Compare the generating results with different methods when w = 2. (a) are the standard characters, (b) are the target characters, (c), (d), (e), (f) are synthesis results of 1 point, 2 points, 3 points and 5 points regression respectively.

In Table 1, we show the change of average matching distance of 100 pairs of corresponding characters from different models. \(D_{ori}\) is the average matching point distance between original standard character and target character, and \(D_{def}\) is the average matching point distance between deform character and target character.

Comparing the change of matching distance between standard characters and target characters, we further prove our conclusions that multi point regression model can effectively utilize the local features of sample points, and synthesize characters with higher quality.

Table 1. The change of average matching distance.
Fig. 5.
figure 5

The effect of smoothness regularization in five-point regression model. (a) Standard templates; (b) target personal-style characters; (c) generated characters without smoothness regularization; (d) generated characters with smoothness regularization.
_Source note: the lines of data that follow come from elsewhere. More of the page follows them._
lemma G0_sign_from_G4:
  assumes "c \<le> 1" and G4_sign: "\<And>y. 0 < y \<Longrightarrow> y < c \<Longrightarrow> \<sigma> * G4 r y > 0"
    and "0 < x" "x < c"
  shows "\<sigma> * G0 r x > 0"
proof -
  have G3_sign: "\<sigma> * G3 r y > 0" if "0 < y" "y < c" for y
    using pos_from_zero_by_deriv[of c "G3 r" "G4 r" \<sigma>] G3_deriv G4_sign that \<open>c \<le> 1\<close>
    by (simp add: G3_def)
  have G2_sign: "\<sigma> * G2 r y > 0" if "0 < y" "y < c" for y
    using pos_from_zero_by_deriv[of c "G2 r" "G3 r" \<sigma>] G2_deriv G3_sign that \<open>c \<le> 1\<close>
    by (simp add: G2_def)
  have G1_sign: "\<sigma> * G1 r y > 0" if "0 < y" "y < c" for y
    using pos_from_zero_by_deriv[of c "G1 r" "G2 r" \<sigma>] G1_deriv G2_sign that \<open>c \<le> 1\<close>
    by (simp add: G1_def)
  show ?thesis
    using pos_from_zero_by_deriv[of c "G0 r" "G1 r" \<sigma>] G0_deriv G1_sign assms
    by (simp add: G0_def)
qed

lemma G4_pos:
  assumes "r \<ge> 3" "0 < x" "x < 1"
  shows "G4 r x > 0"
proof -
  have "(1+x) powr (-r-4) < (1-x) powr (-r-4)"
    by (rule powr_less_mono2_neg) (use assms in auto)
  then have odd_part: "(r+2)*(r+1)*r^2*(r-1) * x * ((1-x) powr (-r-4) - (1+x) powr (-r-4)) > 0"
    using assms by (intro mult_pos_pos) auto
  have even_part: "2*r*(r+1)*(r+2)*(r-3) * ((1-x) powr (-r-4) + (1+x) powr (-r-4)) \<ge> 0"
    using assms by (intro mult_nonneg_nonneg) auto
  have "G4 r x = 2*r*(r+1)*(r+2)*(r-3) * ((1-x) powr (-r-4) + (1+x) powr (-r-4))
      + (r+2)*(r+1)*r^2*(r-1) * x * ((1-x) powr (-r-4) - (1+x) powr (-r-4))"
    unfolding G4_def by (simp add: algebra_simps)
  with odd_part even_part show ?thesis by linarith
qed

lemma G0_pos:
  assumes "r \<ge> 3" "0 < x" "x < 1"
  shows "G0 r x > 0"
  using G0_sign_from_G4[of 1 1 r x] G4_pos[of r] assms by auto

lemma G4_at_zero: "G4 r 0 = 4*r*(r+1)*(r+2)*(r-3)"
  by (simp add: G4_def)

lemma G0_sign_near_zero:
  assumes "G4 r 0 \<noteq> 0"
  shows "\<exists>x. 0 < x \<and> x < 1 \<and> G4 r 0 * G0 r x > 0"
proof -
  have "isCont (\<lambda>y. G4 r 0 * G4 r y) 0"
    unfolding G4_def by (intro continuous_intros) auto
  moreover have "G4 r 0 * G4 r 0 > 0"
    using assms by (metis not_real_square_gt_zero)
  ultimately have "\<forall>\<^sub>F y in at 0. G4 r 0 * G4 r y > 0"
    by (metis isCont_def order_tendstoD(1))
  then obtain d where "d > 0" and d: "\<And>y. y \<noteq> 0 \<Longrightarrow> dist y 0 < d \<Longrightarrow> G4 r 0 * G4 r y > 0"
    unfolding eventually_at by auto
  define c where "c = min d 1"
  have "G4 r 0 * G0 r (c/2) > 0"
    by (rule G0_sign_from_G4[where c = c]) (use d \<open>d > 0\<close> in \<open>auto simp: c_def\<close>)
  then show ?thesis using \<open>d > 0\<close> by (intro exI[of _ "c/2"]) (auto simp: c_def)
qed

lemma powr_pair_minus_two_sign:
  fixes p x :: real
  assumes "p \<noteq> 0" "p \<noteq> 1" "0 < x" "x < 1"
  shows "p*(p-1) * ((1-x) powr p + (1+x) powr p - 2) > 0"
proof -
  let ?W = "\<lambda>x. (1-x) powr p + (1+x) powr p - 2"
  let ?W1 = "\<lambda>x. - p * (1-x) powr (p-1) + p * (1+x) powr (p-1)"
  let ?W2 = "\<lambda>x. p*(p-1) * ((1-x) powr (p-2) + (1+x) powr (p-2))"
  have W_deriv: "(?W has_real_derivative ?W1 y) (at y)" if "0 \<le> y" "y < 1" for y
  proof -
    have p: "0 < 1 - y" "0 < 1 + y" using that by auto
    show ?thesis
      by (rule DERIV_cong, (rule derivative_eq_intros refl p)+) (simp add: algebra_simps)
  qed
  have W1_deriv: "(?W1 has_real_derivative ?W2 y) (at y)" if "0 \<le> y" "y < 1" for y
  proof -
    have p: "0 < 1 - y" "0 < 1 + y" using that by auto
    have exponent: "p - 1 - 1 = p - 2" by simp
    show ?thesis
      by (rule DERIV_cong, (rule derivative_eq_intros refl p)+)
        (simp only: exponent, simp add: algebra_simps)
  qed
  have W2_sign: "p*(p-1) * ?W2 y > 0" if "0 < y" "y < 1" for y
  proof -
    have "(p*(p-1)) * (p*(p-1)) > 0"
      using assms by (metis mult_eq_0_iff not_real_square_gt_zero right_minus_eq)
    moreover have "(1-y) powr (p-2) + (1+y) powr (p-2) > 0"
      using that by (simp add: add_pos_pos)
    ultimately show ?thesis by (metis mult.assoc mult_pos_pos)
  qed
  have W1_sign: "p*(p-1) * ?W1 y > 0" if "0 < y" "y < 1" for y
    by (rule pos_from_zero_by_deriv[where f' = ?W2 and c = 1]) (use W1_deriv W2_sign that in auto)
  show ?thesis
    by (rule pos_from_zero_by_deriv[where f' = ?W1 and c = 1]) (use W_deriv W1_sign assms in auto)
qed

lemma harmonic_mean_eq: "a > 0 \<Longrightarrow> b > 0 \<Longrightarrow> harmonic_mean a b = 2*a*b / (a+b)"
  by (simp add: harmonic_mean_def field_simps)

lemma harmonic_mean_centered:
  assumes "m > 0" "-1 < x" "x < 1"
  shows "harmonic_mean (m*(1-x)) (m*(1+x)) = m*(1-x)*(1+x)"
proof -
  have "m*(1-x) + m*(1+x) = 2*m" by (simp add: algebra_simps)
  then show ?thesis using assms by (simp add: harmonic_mean_eq)
qed

lemma lambda_mean_centered:
  assumes "m > 0" "0 < x" "x < 1" "s \<noteq> -1" "s \<noteq> 0" "s \<noteq> 1"
  shows "lambda_mean s (m*(1-x)) (m*(1+x)) = (s-1)/(s+1) *
    (m * ((1-x) powr (s+1) + (1+x) powr (s+1) - 2) / ((1-x) powr s + (1+x) powr s - 2))"
proof -
  define A where "A = (1-x) powr s + (1+x) powr s - 2"
  define B where "B = (1-x) powr (s+1) + (1+x) powr (s+1) - 2"
  have mid: "(m*(1-x) + m*(1+x)) / 2 = m" by (simp add: algebra_simps)
  have hom: "(m*y) powr e = m powr e * y powr e" if "y > 0" for y e
    using assms that by (simp add: powr_mult)
  have m_succ: "m powr (s+1) = m powr s * m"
    using powr_eq_powr_pred_mult[of m "s+1"] \<open>m > 0\<close> by simp
  have pos: "0 < 1 - x" "0 < 1 + x" using assms by auto
  have "m*(1-x) \<noteq> m*(1+x)" using assms by simp
  then have "lambda_mean s (m*(1-x)) (m*(1+x)) = (s-1)/(s+1) * ((m powr s * (m * B)) / (m powr s * A))"
    using assms unfolding lambda_mean_def mid hom[OF pos(1)] hom[OF pos(2)] m_succ A_def B_def
    by (simp add: algebra_simps)
  then show ?thesis using \<open>m > 0\<close> by (simp add: A_def B_def)
qed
In the multiple points regression model, shape context features are extracted from the neighborhood of each sampled point as inputs of the neural network, and the distortion of adjacent points are regularized for shape smoothness. In order to illustrate the effect of smoothness constraint, we do a comparative experiment on 5 points regression model. Figure 5 shows the results of smoothness constraint in five point regression model. Obviously, the generated characters appear to be more smooth and natural after adding constraints. This is obviously due to the constraints of the relative position between neighbor points prevent the occurrence of outliers during the sample points regression.

Fig. 6.
figure 6

Generated characters of three different personal styles. (a) Samples of standard template; (b), (c), (d) the target style characters and the synthetic characters, in every pictures, the first row represent the target character and the second row represent the synthetic characters.

Table 2. Average distance of matching points.
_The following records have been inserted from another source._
lemma sum_ge_by_involution:
  fixes f :: "'a \<Rightarrow> real"
  assumes "finite A" "\<And>a. a \<in> A \<Longrightarrow> \<sigma> a \<in> A" "\<And>a. a \<in> A \<Longrightarrow> \<sigma> (\<sigma> a) = a"
    and pair: "\<And>a. a \<in> A \<Longrightarrow> m \<le> f a + f (\<sigma> a)"
  shows "real (card A) * m \<le> 2 * sum f A"
proof -
  have "bij_betw \<sigma> A A"
    by (rule bij_betw_byWitness[where f'=\<sigma>]) (use assms(2,3) in auto)
  then have "sum (\<lambda>a. f (\<sigma> a)) A = sum f A"
    by (rule sum.reindex_bij_betw)
  then have "2 * sum f A = (\<Sum>a\<in>A. f a + f (\<sigma> a))"
    by (simp add: sum.distrib)
  moreover have "(\<Sum>a\<in>A. m) \<le> (\<Sum>a\<in>A. f a + f (\<sigma> a))"
    by (rule sum_mono) (rule pair)
  ultimately show ?thesis
    by simp
qed

lemma exists_ge_of_sum_ge:
  fixes f :: "'a \<Rightarrow> real"
  assumes "finite A" "A \<noteq> {}" "real (card A) * m \<le> sum f A"
  shows "\<exists>a\<in>A. m \<le> f a"
proof (rule ccontr)
  assume "\<not> ?thesis"
  then have "sum f A < sum (\<lambda>_. m) A"
    using assms(1,2) by (intro sum_strict_mono) auto
  then show False
    using assms(3) by simp
qed

lemma (in prob_space) nn_integral_eq_integral_bounded:
  assumes "f \<in> borel_measurable M" "\<And>x. 0 \<le> f x" "\<And>x. f x \<le> B"
  shows "integrable M f" and "(\<integral>\<^sup>+x. ennreal (f x) \<partial>M) = ennreal (\<integral>x. f x \<partial>M)"
proof -
  show int: "integrable M f"
    by (rule integrable_const_bound[where B=B]) (use assms in auto)
  show "(\<integral>\<^sup>+x. ennreal (f x) \<partial>M) = ennreal (\<integral>x. f x \<partial>M)"
    by (rule nn_integral_eq_integral[OF int]) (use assms in auto)
qed

section \<open>Gaussian change of measure\<close>

definition gaussian :: "real \<Rightarrow> real measure" where
  "gaussian R = density lborel (normal_density 0 R)"

lemma prob_space_gaussian: "R > 0 \<Longrightarrow> prob_space (gaussian R)"
  unfolding gaussian_def by (rule prob_space_normal_density)

lemma space_gaussian[simp]: "space (gaussian R) = UNIV"
  unfolding gaussian_def by simp

lemma sets_gaussian[simp]: "sets (gaussian R) = sets borel"
  unfolding gaussian_def by simp

lemma measurable_gaussian[simp]: "measurable M (gaussian R) = borel_measurable M"
  by (rule measurable_cong_sets) simp_all

lemma prob_space_PiM_gaussian: "R > 0 \<Longrightarrow> prob_space (PiM I (\<lambda>_. gaussian R))"
  by (intro prob_space_PiM prob_space_gaussian)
4.2 Generating Characters of Different Writing Styles

Finally, we compared the generated samples of different styles base on five-point regression model to validate the effectiveness of our algorithm. In the experiment, four personal-style handwriting sets were selected, we take one of them as the standard template and the other three as the target style. We take 300 pairs of templates as training samples for each style.
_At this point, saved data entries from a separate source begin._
text \<open>Two adjacent regions \<open>X, Y\<close> are the sides of exactly one edge; its two endpoints lie on
  the regions \<open>X + Y\<close> and \<open>X - Y\<close> (Farey sum and difference).\<close>

lemma common_neighbour:
  assumes xy: "adj X Y" and xz: "adj X Z" and yz: "adj Y Z"
  shows "Z = canon (vsum X Y) \<or> Z = canon (vdiff X Y)"
proof -
  obtain a b where X: "X = (a, b)" by (cases X)
  obtain c d where Y: "Y = (c, d)" by (cases Y)
  obtain e f where Z: "Z = (e, f)" by (cases Z)
  define D where "D = a * d - b * c"
  have D: "D = 1 \<or> D = -1" using xy X Y unfolding adj_def D_def by auto
  then have DD: "D * D = 1" by auto
  text \<open>Cramer's rule: \<open>Z = l X + m Y\<close>, and unimodularity of the pairs forces \<open>l, m = \<plusminus>1\<close>.\<close>
  define l where "l = D * (e * d - f * c)"
  define m where "m = D * (a * f - b * e)"
  have "l * a + m * c = D * D * e" "l * b + m * d = D * D * f"
    unfolding l_def m_def D_def by (simp_all add: algebra_simps)
  then have ef: "e = l * a + m * c" "f = l * b + m * d" using DD by simp_all
  have "\<bar>a * f - b * e\<bar> = 1" using xz X Z unfolding adj_def by auto
  then have m1: "m = 1 \<or> m = -1" unfolding m_def using D by auto
  have "\<bar>c * f - d * e\<bar> = 1" using yz Y Z unfolding adj_def by auto
  then have l1: "l = 1 \<or> l = -1" unfolding l_def using D by (auto simp: algebra_simps abs_minus_commute)
  have "Z \<in> Omega" using xz adj_in_Omega by blast
  then have Zc: "canon Z = Z" and Z0: "Z \<noteq> (0, 0)" by (auto simp: canon_Omega Omega_def)
  from l1 m1 show ?thesis
  proof (elim disjE)
    assume "l = 1" "m = 1"
    then show ?thesis using ef X Y Z Zc by (simp add: vsum_def)
  next
    assume "l = 1" "m = -1"
    then show ?thesis using ef X Y Z Zc by (simp add: vdiff_def)
  next
    assume "l = -1" "m = 1"
    then have "Z = (- fst (vdiff X Y), - snd (vdiff X Y))" using ef X Y Z by (simp add: vdiff_def)
    moreover from this have "vdiff X Y \<noteq> (0, 0)" using Z0 by auto
    ultimately have "canon Z = canon (vdiff X Y)" using canon_uminus by simp
    then show ?thesis using Zc by simp
  next
    assume "l = -1" "m = -1"
    then have "Z = (- fst (vsum X Y), - snd (vsum X Y))" using ef X Y Z by (simp add: vsum_def)
    moreover from this have "vsum X Y \<noteq> (0, 0)" using Z0 by auto
    ultimately have "canon Z = canon (vsum X Y)" using canon_uminus by simp
    then show ?thesis using Zc by simp
  qed
qed

lemma neighbours_in_Omega:
  assumes "adj X Y"
  shows "canon (vsum X Y) \<in> Omega" "canon (vdiff X Y) \<in> Omega"
proof -
  have d: "\<bar>det2 X (vsum X Y)\<bar> = 1" "\<bar>det2 X (vdiff X Y)\<bar> = 1"
    using assms by (auto simp: adj_iff_det2 det2_vsum_vdiff)
  have "coprime (fst V) (snd V) \<and> V \<noteq> (0, 0)" if "\<bar>det2 X V\<bar> = 1" for V
    using that coprime_if_det[of "fst V" "snd X" "snd V" "fst X"]
    unfolding det2_def by (auto simp: algebra_simps abs_minus_commute)
  then show "canon (vsum X Y) \<in> Omega" "canon (vdiff X Y) \<in> Omega"
    using d canon_in_Omega by blast+
qed

lemma neighbours_adj:
  assumes "adj X Y"
  shows "adj X (canon (vsum X Y))" "adj Y (canon (vsum X Y))"
    "adj X (canon (vdiff X Y))" "adj Y (canon (vdiff X Y))"
  using assms neighbours_in_Omega[OF assms] adj_in_Omega[OF assms]
  by (auto simp: adj_iff_det2 abs_det2_canon det2_vsum_vdiff)

lemma neighbours_distinct:
  assumes "adj X Y"
  shows "canon (vsum X Y) \<noteq> canon (vdiff X Y)"
proof
  assume h: "canon (vsum X Y) = canon (vdiff X Y)"
  have "X \<noteq> (0, 0)" "Y \<noteq> (0, 0)" using adj_in_Omega[OF assms] unfolding Omega_def by auto
  then show False using h unfolding canon_def vsum_def vdiff_def
    by (cases X, cases Y) (auto split: if_splits)
qed

lemma is_vertex_iff_adj: "is_vertex {X, Y, Z} \<longleftrightarrow> adj X Y \<and> adj Y Z \<and> adj X Z"
proof
  assume "is_vertex {X, Y, Z}"
  then obtain A B C where eq: "{X, Y, Z} = {A, B, C}" and h: "adj A B" "adj B C" "adj A C"
    unfolding is_vertex_def by blast
  have "A \<noteq> B" "B \<noteq> C" "A \<noteq> C" using h adj_irrefl by metis+
  then have "card {X, Y, Z} = 3" using eq by simp
  then have "X \<noteq> Y \<and> Y \<noteq> Z \<and> X \<noteq> Z" by (auto simp: card_insert_if split: if_splits)
  moreover have "X \<in> {A, B, C}" "Y \<in> {A, B, C}" "Z \<in> {A, B, C}" using eq by blast+
  moreover have "adj B A" "adj C B" "adj C A" using h adj_sym by blast+
  ultimately show "adj X Y \<and> adj Y Z \<and> adj X Z" using h by auto
qed (unfold is_vertex_def, blast)

lemma is_vertex_iff_neighbour:
  "is_vertex {X, Y, V} \<longleftrightarrow> adj X Y \<and> V \<in> {canon (vsum X Y), canon (vdiff X Y)}"
proof
  assume "is_vertex {X, Y, V}"
  then have "adj X Y" "adj X V" "adj Y V" unfolding is_vertex_iff_adj by auto
  then show "adj X Y \<and> V \<in> {canon (vsum X Y), canon (vdiff X Y)}"
    using common_neighbour by blast
next
  assume h: "adj X Y \<and> V \<in> {canon (vsum X Y), canon (vdiff X Y)}"
  then have "adj X V \<and> adj Y V" using neighbours_adj by blast
  then show "is_vertex {X, Y, V}" using h adj_sym unfolding is_vertex_iff_adj by blast
qed

lemma edge_rel_iff:
  "edge_rel X Y Z W \<longleftrightarrow> adj X Y \<and> Z \<in> {canon (vsum X Y), canon (vdiff X Y)} \<and>
     W \<in> {canon (vsum X Y), canon (vdiff X Y)} \<and> Z \<noteq> W"
  using is_vertex_iff_neighbour[of X Y Z] is_vertex_iff_neighbour[of X Y W]
  unfolding edge_rel_def by argo

lemma edge_rel_in_Omega: "edge_rel X Y Z W \<Longrightarrow> X \<in> Omega \<and> Y \<in> Omega \<and> Z \<in> Omega \<and> W \<in> Omega"
  unfolding edge_rel_def is_vertex_iff_adj using adj_in_Omega by blast

lemma edge_rel_exists:
  assumes "is_vertex {X, Y, Z}"
  shows "\<exists>W. edge_rel X Y Z W"
proof -
  have a: "adj X Y" "adj X Z" "adj Y Z" using assms unfolding is_vertex_iff_adj by auto
  then have "Z = canon (vsum X Y) \<or> Z = canon (vdiff X Y)" by (rule common_neighbour)
  then show ?thesis
  proof
    assume "Z = canon (vsum X Y)"
    then have "edge_rel X Y Z (canon (vdiff X Y))"
      using a(1) neighbours_distinct[OF a(1)] unfolding edge_rel_iff by simp
    then show ?thesis ..
  next
    assume "Z = canon (vdiff X Y)"
    then have "edge_rel X Y Z (canon (vsum X Y))"
      using a(1) neighbours_distinct[OF a(1)] unfolding edge_rel_iff by simp
    then show ?thesis ..
  qed
qed

lemma edge_rel_infinity: "edge_rel (1, 0) (n + 1, 1) (n + 2, 1) (n, 1)"
  unfolding edge_rel_iff adj_infinity_iff canon_def vsum_def vdiff_def by auto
According to the comparative experiments, we find that the generated characters are obviously different from the standard template, however, they have the same stroke features and structure characteristics as the target style. Figure 6 shows the generated results of different personal-style characters, none of these samples had appeared in the training set. Table 2 shows the matching distance of each style. The matching distance between standard characters and target characters become smaller after deforming which means that similarity between characters becomes higher. This is consistent with the observation of the human eye. The generated results proves that our model is effective in learning different styles with a small training set.

5 Conclusion

This paper proposes a novel learning-based approach to generate personal-style handwriting by style transformation. We learn the transition function between writing styles by predicting the displacement of the sample points. In order to synthesize high quality handwriting characters, we use shape context features as predictors, and regularize the distortion of adjacent points for shape smoothness. The experimental results demonstrated that our algorithm can learn the handwriting style and generate natural target style characters from a small number of training samples. However, in the course of the experiment, we also find the limitations of our method. For example, it was still a difficult task for us to simulate a writing style of rapid cursive. Besides, our algorithm is verified on the online character, further, we can try to extend this method to synthesis the writing trajectories of offline characters by adding the information of stroke width.